Sabato 05 gennaio 2019:  Ore 20.00 Tombolata Parrocchiale (Sala S. Annibale)

 

 

 

 

 

 

DOMENICA 06 gennaio 2019 solennita’ dell’Epifania

 

 

 

A tutte le SS. Messe: Bacio del S. Bambino

Ore 10.30: I Magi bambini al suon di zampogna rendono omaggio a Gesu’ Bambino

Ore 16.30: Arrivo dei Re Magi in Parrocchia per la gioia di tutti i bambini

Ore 18.00: Funzione Natalizia delle “Polizzine 2019”

(Vespri solenni dell’Epifania, processione di Gesù Bambino ed estrazione della Polizzina)

 

 

 

 

 

Preghiera per i Malati: 7 Gennaio ore 18.00

Primo lunedì del mese: non perdiamo l’appuntamento con la preghiera di intercessione per i malati, animata dalla comunita’ di S. Egidio.

 

 

 PROGRAMMA DELL’ANNO EUCARISTICO

 

VENERDI’ 11 GENNAIO ALLE ORE 19.30

MONS. MARCO FRISINA  

TERRA’ UNA CONFERENZA SULL’EUCARISTIA.

NON PERDIAMO QUESTO APPUNTAMENTO COSI’ PREZIOSO!

 

 

 

 

Raccolta Emergenza Freddo

 

Se prendete una stampa sacra o un calendario in fondo alla chiesamettendo un’offerta di almeno 5,00 euro nella bussola accantopotrete contribuire a soccorrere i nostri fratelli che vivono per strada, soprattutto in questi giorni di grande freddo.

Il ricavato sarà destinato alle attività parrocchiali del “Gruppo Lazzaro” che visita quanti vivono per strada, portando beni di prima necessità.

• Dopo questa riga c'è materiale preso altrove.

section \<open>Analytic facts\<close>

text \<open>Both powers are binomial series composed with \<open>h/z - 1\<close>.\<close>
lemma N_operator_expansion:
  fixes h :: "complex \<Rightarrow> complex" and H :: "complex fps"
  assumes hH: "h has_fps_expansion H" and H0: "fps_nth H 0 = 0" and H1: "fps_nth H 1 = 1"
  obtains N where "N_operator mu lam h has_fps_expansion N"
    and "fps_nth N 1 = of_real (lam + mu) * fps_nth H 2"
    and "fps_nth N 2 = of_real (2 * lam + mu) * (fps_nth H 3 + of_real ((mu - 1) / 2) * fps_nth H 2 ^ 2)"
proof -
  have H1': "fps_nth H (Suc 0) = 1" using H1 by simp
  have "1 \<le> subdegree H" using H0 H1 by (intro subdegree_geI) auto
  then have "(\<lambda>z. if z = 0 then fps_nth H 1 else h z / z ^ 1) has_fps_expansion fps_shift 1 H"
    by (rule has_fps_expansion_shift[OF hH]) simp
  also have "(\<lambda>z. if z = 0 then fps_nth H 1 else h z / z ^ 1) = quot0 h"
    by (rule ext) (simp add: quot0_def H1 H1')
  finally have quot: "quot0 h has_fps_expansion fps_shift 1 H" .
  define D where "D = fps_shift 1 H - 1"
  have D0: "fps_nth D 0 = 0" and D1: "fps_nth D 1 = fps_nth H 2" and D2: "fps_nth D 2 = fps_nth H 3"
    by (simp_all add: D_def H1' numeral_3_eq_3 numeral_2_eq_2)
  have powr: "(\<lambda>z. quot0 h z powr a) has_fps_expansion (fps_binomial a oo D)" for a
  proof -
    have "(\<lambda>z. quot0 h z - 1) has_fps_expansion D"
      unfolding D_def by (intro has_fps_expansion_diff quot has_fps_expansion_1)
    then have "((\<lambda>u. (1 + u) powr a) \<circ> (\<lambda>z. quot0 h z - 1)) has_fps_expansion (fps_binomial a oo D)"
      by (intro has_fps_expansion_compose has_fps_expansion_binomial_complex D0)
    then show ?thesis by (simp add: o_def)
  qed
  have binom1: "fps_nth (fps_binomial a oo D) (Suc 0) = a * fps_nth H 2" for a
    using fps_compose_coeffs(1)[OF D0, of "fps_binomial a"] D1 by (simp add: gbinomial_1_2)
  have binom2: "fps_nth (fps_binomial a oo D) (Suc (Suc 0))
      = a * fps_nth H 3 + a * (a - 1) / 2 * fps_nth H 2 ^ 2" for a
    using fps_compose_coeffs(2)[OF D0, of "fps_binomial a"] D1 D2
    by (simp add: gbinomial_1_2 numeral_2_eq_2)
  define N where "N = fps_const (1 - of_real lam) * (fps_binomial (of_real mu) oo D)
     + fps_const (of_real lam) * fps_deriv H * (fps_binomial (of_real (mu - 1)) oo D)"
  note coeff_simps = binom1 binom2 fps_mult_nth atLeast0AtMost numeral_3_eq_3 numeral_2_eq_2
    sum.atMost_Suc H1'
  show ?thesis
  proof
    show "N_operator mu lam h has_fps_expansion N"
      unfolding N_def N_operator_def
      by (intro has_fps_expansion_add has_fps_expansion_cmult_left has_fps_expansion_mult
          has_fps_expansion_deriv hH powr)
    show "fps_nth N 1 = of_real (lam + mu) * fps_nth H 2"
      unfolding N_def by (simp add: coeff_simps algebra_simps)
    show "fps_nth N 2 = of_real (2 * lam + mu) * (fps_nth H 3 + of_real ((mu - 1) / 2) * fps_nth H 2 ^ 2)"
      unfolding N_def
      by (simp add: coeff_simps algebra_simps power2_eq_square) (simp add: field_simps)
  qed
qed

Si può contribuire anche mettendo un’offerta libera nella bussola del presepe.

 

 

 

 

 

FESTA DEL BATTESIMO DI GESU’

 

 

Domenica prossima, Festa del Battesimo di Gesù, come da tradizione, ci sarà la Festa di tutti i bambini battezzati nell’anno appena trascorso, insieme alle loro famiglie. Questo il programma:

 

Ore 10.30  –  Santa Messa di ringraziamento e benedizione dei bambini battezzati

 

Ore 11,30 Incontro-confronto di tutte le famiglie  col Parroco nella Sala Sant’Annibale

 

Ore 13,00 Pranzo condiviso nel salone del 2° piano

 

 

 

 FORMAZIONE/CATECHESI

 

 

 

CORSO DI FORMAZIONE EUCARISTICA

Domenica prossima, 13 gennaio, alle ore 17,00 il Parroco tiene nella Sala S.Annibale l’incontro mensile di formazione eucaristica sul celebre inno  di S. Tommaso D’Aquino “Adoro te devote”.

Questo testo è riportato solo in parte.